Varieties of Honey

Many recipes call for granulated sugar, but if you replace it with honey, you’ll notice more complex flavors. Honey that hasn’t been heated also has a stronger flavor.

Some supermarket own-label honey is adulterated by blending costly acacia honey with cheaper rape honey, as the color of rape honey closely resembles that of acacia. More detailed country-of-origin labeling would help consumers avoid this practice.

Wildflower Honey

As the name suggests, wildflower honey is made from nectar sourced from an assortment of wild flowers in nature. These blooms range from trees and bushes to grasses and herbs. The result is a versatile honey with a flavor profile that can vary significantly depending on the season.

The National Center for Complementary and Alternative Medicine suggests that eating local honey can relieve seasonal allergies. This theory stems from the belief that eating the sweet nectar of a variety of plants boosts your body’s antibody levels.

Similar to clover honey, wildflower honey offers a light consistency intertwined with fruity and floral notes. This makes it a great choice when baking delicate pastries or blending into recipes that call for a natural sweetness without overshadowing other ingredients. It also shines drizzled atop a cheese plate or as a marinade, where its mild taste balances out savory flavors. It’s also a staple in tea and coffee for a refreshing, uplifting drink.

Mesquite Honey

In March in Arizona, mesquite trees bloom and produce a honey that is sweet with a hint of smoke. It has a very high wax content that makes it very spreadable. This honey is good for seasonal allergies and is delicious in homemade granola.

Mesquite is a tree native to the southwestern United States and Mexico. It is drought and frost tolerant, grows in a variety of soil types, and fixes 30-40 kg N/ha (Jarrell et al. 1982). It is widely used in alley cropping and windbreaks. It also serves as a food source for livestock. The pods are sweet and contain a high percentage of protein and fat. They can be ground into flour or used to make tempe and tofu (Felger, 1977).

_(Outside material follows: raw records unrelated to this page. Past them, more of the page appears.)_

(* Let $n,k,l$ be nonnegative integers with $k+l\le n$, let $\alpha,\beta>-1$, set $\sigma=\alpha+\beta+1$, and for $h=k,\ldots,n-l$ and $i=k+l,\ldots,n$ define \[ z_{hi}=\binom{n}{h}\frac{(2i+\sigma)(k+l-n)_{i-k-l}(\alpha+2l+1)_{n-l-h}(\beta+2k+1)_{h-k}}{(\alpha+2l+1)_{i-k-l}\,(i+k+l+\sigma)_{n+1-k-l}},\qquad w_{hi}=Q_{i-k-l}(h-k;\,\beta+2k,\,\alpha+2l,\,n-k-l). \] Then for each fixed $i$ (and whenever the indices involved lie in the range $k\le h\le n-l$): \[ z_{ki}=\binom{n}{k}\frac{(2i+\sigma)(\alpha+l+i+1-k)_{n-i}(k+l-n)_{i-k-l}}{(i+k+l+\sigma)_{n-k-l+1}}, \] \[ z_{hi}=\frac{(n+1-h)(\beta+k+h)}{h(\alpha+l+n+1-h)}\,z_{h-1,i}\qquad(h=k+1,\ldots,n-l); \] and \[ w_{ki}=1,\qquad w_{k+1,i}=1+\frac{(i-k-l)(i+k+l+\sigma)}{(\beta+2k+1)(k+l-n)}, \] \[ w_{hi}=T_i(h)\,w_{h-1,i}+V(h)\,w_{h-2,i}\qquad(h=k+2,\ldots,n-l), \] where \[ V(h)=\frac{(h-k-1)(l+n+\alpha+2-h)}{(h+k+\beta)(h+l-n-1)},\qquad T_i(h)=1-V(h)-\frac{(k+l-i)(i+k+l+\sigma)}{(h+k+\beta)(h+l-n-1)}. \]
   Context: Pochhammer symbol: $(a)_0=1$, $(a)_j=a(a+1)\cdots(a+j-1)$. Hahn polynomials: for a nonnegative integer $N$, $a,b>-1$ and $m=0,1,\ldots,N$, $Q_m(x;a,b,N)=\sum_{j=0}^m\frac{(-m)_j(m+a+b+1)_j(-x)_j}{j!\,(a+1)_j\,(-N)_j}$. (The products $d_{hi}=z_{hi}w_{hi}$ are the coefficients of the Bernstein polynomial $B^n_h(x)=\binom nh x^h(1-x)^{n-h}$ in the basis of modified Jacobi polynomials $J_{i,k,l}^{(\alpha,\beta)}(x)=(1-x)^lx^kR^{(\alpha+2l,\beta+2k)}_{i-k-l}(x)$, $i=k+l,\ldots,n$, with $R^{(a,b)}_m$ the shifted Jacobi polynomials.) *)

theory Defs
  imports Complex_Main
begin
lemma unifiable_Cons_cases:
  assumes \<sigma>: "\<sigma> \<in> unifiers ((s, t) # E)"
  obtains (reduce) E' where "unifiers E' = unifiers ((s, t) # E)"
      and "eqn_vars E' \<subseteq> eqn_vars ((s, t) # E)" and "eqn_size E' < eqn_size ((s, t) # E)"
    | (elim) x u where "unifiers ((Var x, u) # E) = unifiers ((s, t) # E)"
      and "eqn_vars ((Var x, u) # E) = eqn_vars ((s, t) # E)" and "x \<notin> vars u"
proof -
  have elim_if: thesis if "s = Var x \<and> u = t \<or> t = Var x \<and> u = s" and "u \<noteq> Var x" for x u
  proof -
    have same: "unifiers ((Var x, u) # E) = unifiers ((s, t) # E)"
      "eqn_vars ((Var x, u) # E) = eqn_vars ((s, t) # E)"
      using that(1) by (auto simp: unifiers_def eqn_vars_def)
    then have "\<sigma> x = subst \<sigma> u" using \<sigma> by (metis subst.simps(1) unifiers_Cons)
    then have "x \<notin> vars u" using occurs_check that(2) by blast
    with same show thesis by (rule elim)
  qed
  consider (trivial) "s = t" | (var_left) x where "s = Var x" "t \<noteq> Var x"
    | (var_right) x where "t = Var x" "s \<noteq> Var x" | (fn) f ss g ts where "s = Fn f ss" "t = Fn g ts"
    by (cases s; cases t) auto
  then show thesis
  proof cases
    case trivial
    then show thesis by (intro reduce[of E]) (auto simp: unifiers_def eqn_vars_def eqn_size_def)
  next
    case var_left
    then show thesis by (intro elim_if[of x t]) auto
  next
    case var_right
    then show thesis by (intro elim_if[of x s]) auto
  next
    case fn
    then have "f = g" and len: "length ss = length ts"
      using \<sigma> map_eq_imp_length_eq by auto
    show thesis
    proof (rule reduce)
      show "unifiers (zip ss ts @ E) = unifiers ((s, t) # E)"
        using fn \<open>f = g\<close> unifiers_zip[OF len] by auto
      show "eqn_vars (zip ss ts @ E) \<subseteq> eqn_vars ((s, t) # E)"
        using fn eqn_vars_zip[OF len] by (auto simp: eqn_vars_def)
      show "eqn_size (zip ss ts @ E) < eqn_size ((s, t) # E)"
        using fn eqn_size_zip[OF len] by (simp add: eqn_size_def)
    qed
  qed
qed

lemma mgu_list_exists: "\<sigma> \<in> unifiers E \<Longrightarrow> \<exists>\<theta>. is_mgu_list \<theta> E"
proof (induction E arbitrary: \<sigma> rule: wf_induct[OF wf_measures[of "[\<lambda>E. card (eqn_vars E), eqn_size]"]])
  case (1 E)
  have IH: "\<exists>\<theta>. is_mgu_list \<theta> E'"
    if "\<sigma>' \<in> unifiers E'" and "card (eqn_vars E') < card (eqn_vars E) \<or>
        eqn_vars E' \<subseteq> eqn_vars E \<and> eqn_size E' < eqn_size E" for E' \<sigma>'
  proof -
    have "card (eqn_vars E') < card (eqn_vars E) \<or>
        card (eqn_vars E') \<le> card (eqn_vars E) \<and> eqn_size E' < eqn_size E"
      using that(2) card_mono[OF finite_eqn_vars[of E], of "eqn_vars E'"] by blast
    then show ?thesis using 1(1) that(1) by (auto simp: le_less)
  qed
  show ?case
  proof (cases E)
    case Nil
    then show ?thesis using is_mgu_list_Nil by blast
  next
    case (Cons e E')
    then obtain s t where E: "E = (s, t) # E'" by (cases e) auto
    have \<sigma>: "\<sigma> \<in> unifiers ((s, t) # E')" using 1(2) E by simp
    then show ?thesis
    proof (cases rule: unifiable_Cons_cases)
      case (reduce E'')
      then have "unifiers E'' = unifiers E" "eqn_vars E'' \<subseteq> eqn_vars E" "eqn_size E'' < eqn_size E"
        using E by auto
      then show ?thesis using IH[of \<sigma> E''] 1(2) is_mgu_list_cong by blast
    next
      case (elim x u)
      then have "\<sigma> \<in> unifiers (subst_eqns (Var(x := u)) E')"
        using \<sigma> unifiers_subst_eqns by (metis subst.simps(1) unifiers_Cons)
      moreover have "card (eqn_vars (subst_eqns (Var(x := u)) E')) < card (eqn_vars E)"
        using card_eqn_vars_elim_var[OF \<open>x \<notin> vars u\<close>, of E'] elim(2) E by simp
      ultimately obtain \<theta> where "is_mgu_list \<theta> (subst_eqns (Var(x := u)) E')"
        using IH by blast
      then show ?thesis
        using is_mgu_list_elim_var[OF \<open>x \<notin> vars u\<close>] is_mgu_list_cong elim(1) E by metis
    qed
  qed
qed

lemma mgu_exists: "subst \<sigma> s = subst \<sigma> t \<Longrightarrow> \<exists>\<theta>. is_mgu \<theta> s t"
  using mgu_list_exists[of \<sigma> "[(s, t)]"] by (auto simp: is_mgu_list_def is_mgu_def fun_eq_iff)

section \<open>LD-derivations of atomic queries\<close>

definition atomic_query :: "query \<Rightarrow> bool" where
  "atomic_query Q \<longleftrightarrow> (\<forall>A \<in> set Q. is_atom A)"

definition atomic_program :: "program \<Rightarrow> bool" where
  "atomic_program P \<longleftrightarrow> (\<forall>(H, B) \<in> P. is_atom H \<and> atomic_query B)"

lemma is_atom_subst: "is_atom A \<Longrightarrow> is_atom (subst \<sigma> A)"
  by (auto simp: is_atom_def)

lemma atomic_query_simps [simp]:
  "atomic_query []"
  "atomic_query (A # Q) \<longleftrightarrow> is_atom A \<and> atomic_query Q"
  "atomic_query (Q @ Q') \<longleftrightarrow> atomic_query Q \<and> atomic_query Q'"
  by (auto simp: atomic_query_def)

lemma atomic_program_Un [simp]:
  "atomic_program (P \<union> P') \<longleftrightarrow> atomic_program P \<and> atomic_program P'"
  by (auto simp: atomic_program_def)

lemma ld_step_atomic:
  assumes "atomic_program P" and "ld_step P Q Q'" and "atomic_query Q"
  shows "atomic_query Q'"
proof -
  obtain A R H B \<rho> \<theta> where "Q = A # R" and "(H, B) \<in> P"
    and "Q' = map (subst \<theta>) (map (subst (Var \<circ> \<rho>)) B @ R)"
    using assms(2) unfolding ld_step_def by blast
  then show ?thesis
    using assms(1,3) by (fastforce simp: atomic_program_def atomic_query_def intro: is_atom_subst)
qed

lemma ld_steps_atomic:
  assumes "atomic_program P" and "(ld_step P)\<^sup>*\<^sup>* Q Q'" and "atomic_query Q"
  shows "atomic_query Q'"
  using assms(2,3) by induction (auto intro: ld_step_atomic[OF assms(1)])

lemma calls_atomic:
  assumes "atomic_program P" and "atomic_query Q" and "A \<in> calls P {Q}"
  shows "is_atom A"
proof -
  obtain A' R \<rho> where "(ld_step P)\<^sup>*\<^sup>* Q (A' # R)" and "A = subst (Var \<circ> \<rho>) A'"
    using assms(3) by (auto simp: calls_def variant_def)
  then have "atomic_query (A' # R)" using ld_steps_atomic[OF assms(1)] assms(2) by blast
  then show ?thesis using \<open>A = _\<close> by (simp add: is_atom_subst)
qed

lemma variant_refl: "variant A A"
  unfolding variant_def by (rule exI[of _ id]) simp

lemma vars_rename: "vars (subst (Var \<circ> \<rho>) t) = \<rho> ` vars t"
  by (auto simp: vars_subst)

lemma fresh_renaming:
  assumes "finite V" and "finite W"
  obtains \<rho> :: "nat \<Rightarrow> nat" where "bij \<rho>" and "\<rho> ` V \<inter> W = {}"
proof
  define N where "N = Max (insert 0 (V \<union> W))"
  have le_N: "x \<le> N" if "x \<in> V \<union> W" for x
    using assms that by (simp add: N_def)
  \<comment> \<open>an involution moving \<open>{0..N} \<supseteq> V \<union> W\<close> to \<open>{N+1..2N+1}\<close>\<close>
  define \<rho> where "\<rho> x = (if x \<le> N then x + N + 1 else if x \<le> 2 * N + 1 then x - (N + 1) else x)" for x
  show "bij \<rho>" by (rule involuntory_imp_bij) (auto simp: \<rho>_def)
  show "\<rho> ` V \<inter> W = {}" using le_N by (fastforce simp: \<rho>_def)
qed

lemma ld_step_lifting:
  assumes HB: "(H, B) \<in> P" and unif: "subst \<sigma> A = subst \<tau> H"
  obtains Q' \<delta> where "ld_step P (A # R) Q'"
    and "map (subst \<delta>) Q' = map (subst \<tau>) B @ map (subst \<sigma>) R"
proof -
  define V where "V = vars H \<union> (\<Union>b \<in> set B. vars b)"
  define W where "W = (\<Union>q \<in> set (A # R). vars q)"
  obtain \<rho> where "bij \<rho>" and disj: "\<rho> ` V \<inter> W = {}"
    using fresh_renaming[of V W] by (auto simp: V_def W_def)
  let ?r = "Var \<circ> \<rho>"
  \<comment> \<open>the clause is renamed apart, so \<open>\<tau>\<close> (on the clause) and \<open>\<sigma>\<close> (on the query) combine to \<open>\<phi>\<close>\<close>
  define \<phi> where "\<phi> x = (if x \<in> \<rho> ` V then \<tau> (inv \<rho> x) else \<sigma> x)" for x
  have \<phi>_clause: "subst \<phi> (subst ?r t) = subst \<tau> t" if "vars t \<subseteq> V" for t
  proof -
    have "subst \<phi> (subst ?r t) = subst (\<phi> \<circ> \<rho>) t" by (simp add: subst_subst comp_def)
    also have "\<dots> = subst \<tau> t"
      using that bij_is_inj[OF \<open>bij \<rho>\<close>] by (intro subst_cong) (auto simp: \<phi>_def)
    finally show ?thesis .
  qed
  have \<phi>_query: "subst \<phi> t = subst \<sigma> t" if "vars t \<subseteq> W" for t
    using that disj by (intro subst_cong) (auto simp: \<phi>_def)
  have "subst \<phi> A = subst \<phi> (subst ?r H)"
    using \<phi>_clause[of H] \<phi>_query[of A] unif by (simp add: V_def W_def)
  then obtain \<theta> where mgu: "is_mgu \<theta> A (subst ?r H)" using mgu_exists by blast
  then obtain \<delta> where "\<forall>x. \<phi> x = subst \<delta> (\<theta> x)"
    using \<open>subst \<phi> A = _\<close> by (auto simp: is_mgu_def)
  then have "subst \<delta> \<circ> \<theta> = \<phi>" by (simp add: fun_eq_iff)
  then have \<delta>: "subst \<delta> (subst \<theta> t) = subst \<phi> t" for t by (simp add: subst_subst)
  let ?Q' = "map (subst \<theta>) (map (subst ?r) B @ R)"
  have "(vars (subst ?r H) \<union> (\<Union>b \<in> set B. vars (subst ?r b))) \<inter> (\<Union>q \<in> set (A # R). vars q) = {}"
    using disj by (auto simp: vars_rename V_def W_def)
  then have "ld_step P (A # R) ?Q'"
    unfolding ld_step_def using HB \<open>bij \<rho>\<close> mgu by blast
  moreover have "map (subst \<delta>) ?Q' = map (subst \<tau>) B @ map (subst \<sigma>) R"
    using \<phi>_clause \<phi>_query by (auto simp: \<delta> V_def W_def)
  ultimately show ?thesis using that by blast
qed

We combine mesquite with wildflower and desert blend for a honey that is rich, mild, and very flavorful. The result is a great tasting blend that compliments a wide variety of foods.

Clover Honey

Clover honey is one of the most popular varieties available. In fact, if you look at the label on any bottle of honey, it will most likely say clover in some way (although not necessarily specifically which type). Clover is a common flower that blooms all through summer and makes an abundant amount of nectar, so bees love it. It is a very light color, ranging from white to a light amber shade and has a mild, sweet flavor with hints of grass or hay.

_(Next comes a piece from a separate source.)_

(* Let $\mathcal{R}^*=\{z\in\mathbb{C}: z\ne n\pi i,\ n\in\mathbb{Z}\}$. There exist real-valued functions $C_1(x,y,t),C_2(t),C_3(t)\ge0$ ($x,y\in\mathbb{R}$, $t\in\mathcal{R}^*$), bounded on compact subsets of $\mathcal{R}^*$, such that for every $\lambda\in\mathbb{Z}_{\ge1}$ and $t\in\mathcal{R}^*$, \[ |\theta_\lambda(x,y,\boldsymbol\mu_\lambda,t)|\le\Big|\frac{\sqrt2 g}{1-e^{-2t}}\Big|C_1(x,y,t),\quad |\psi^\pm_\lambda(\boldsymbol\mu_\lambda,t)|\le\Big|\frac{2g^2}{1-e^{-2t}}\Big|C_2(t),\quad |\xi_\lambda(\boldsymbol\mu_\lambda,t)|\le\Big|\frac{2g^2}{1-e^{-2t}}\Big|C_3(t)\,\lambda, \] uniformly for $0\le\mu_1\le\mu_2\le\cdots\le\mu_\lambda\le1$.
   Context: $g\in\mathbb{R}$ is fixed. For $\boldsymbol\mu_\lambda=(\mu_1,\dots,\mu_\lambda)$ and with the convention $\mu_0=0$: \[ \theta_\lambda(x,y,\boldsymbol\mu_\lambda,t)=\frac{2\sqrt2 g}{\sinh t}(x\cosh t-y)\frac{1-(-1)^\lambda}2-\sqrt2 g(x-y)\coth(\tfrac t2)+\frac{2\sqrt2 g(-1)^\lambda}{\sinh t}\sum_{\gamma=0}^\lambda(-1)^\gamma\big[x\cosh(t(1-\mu_\gamma))-y\cosh(t\mu_\gamma)\big], \] \[ \xi_\lambda(\boldsymbol\mu_\lambda,t)=-\frac{8g^2}{\sinh t}\sinh^2\!\big(\tfrac12t(1-\mu_\lambda)\big)(-1)^\lambda\sum_{\gamma=0}^\lambda(-1)^\gamma\cosh(t\mu_\gamma)-\frac{4g^2}{\sinh t}\sum_{\substack{0\le\alpha<\beta\le\lambda-1\\\beta-\alpha\ \mathrm{odd}}}\big(\cosh(t(\mu_{\beta+1}-1))-\cosh(t(\mu_\beta-1))\big)\big(\cosh(t\mu_\alpha)-\cosh(t\mu_{\alpha+1})\big), \] \[ \psi^-_\lambda(\boldsymbol\mu_\lambda,t)=\frac{4g^2}{\sinh t}\Big[\sum_{\gamma=0}^\lambda(-1)^\gamma\sinh\big(t(\tfrac12-\mu_\gamma)\big)\Big]^2,\qquad \psi^+_\lambda(\boldsymbol\mu_\lambda,t)=\frac{4g^2}{\sinh t}\Big[\sum_{\gamma=0}^\lambda(-1)^\gamma\cosh\big(t(\tfrac12-\mu_\gamma)\big)\Big]^2. \] *)

theory Defs
  imports "HOL-Analysis.Analysis"
begin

Its antimicrobial properties make it a great choice for dressing diabetic foot wounds because of its ability to kill bacteria and prevent infections (9). Clover honey also may help protect the brain against aging, thanks to its phenolic acid content.

If you’re unsure which honey is which in your cupboard, try the water test — put a spoonful of honey in a glass of water and shake it. Real honey won’t foam or dissolve, and it will have a distinct aroma.

Manuka Honey

Manuka blend honey is often used to treat colds, coughs, and sore throats. It has also been found to help with the healing of wounds. It contains a substance called methylglyoxal (MG), which gives it its antibacterial properties. It is also known to have antioxidant properties.

Many studies have shown that manuka honey is more effective against bacteria than regular honey. It inhibits the growth of all bacterial pathogens tested and can disperse and destroy pre-formed biofilms.

It has been shown to downregulate some of the most potent genes of the bacteria MRSA, or methicillin-resistant Staphylococcus aureus. It has also been shown to be effective against VRE (Vancomycin-resistant Enterococcus) and ESBL (extended spectrum b-lactamase).

It has also been shown to improve oral health by reducing the buildup of plaque, gingivitis, and other periodontal diseases. It has even been shown to reduce the amount of Helicobacter pylori bacteria, which is linked to gastric ulcers.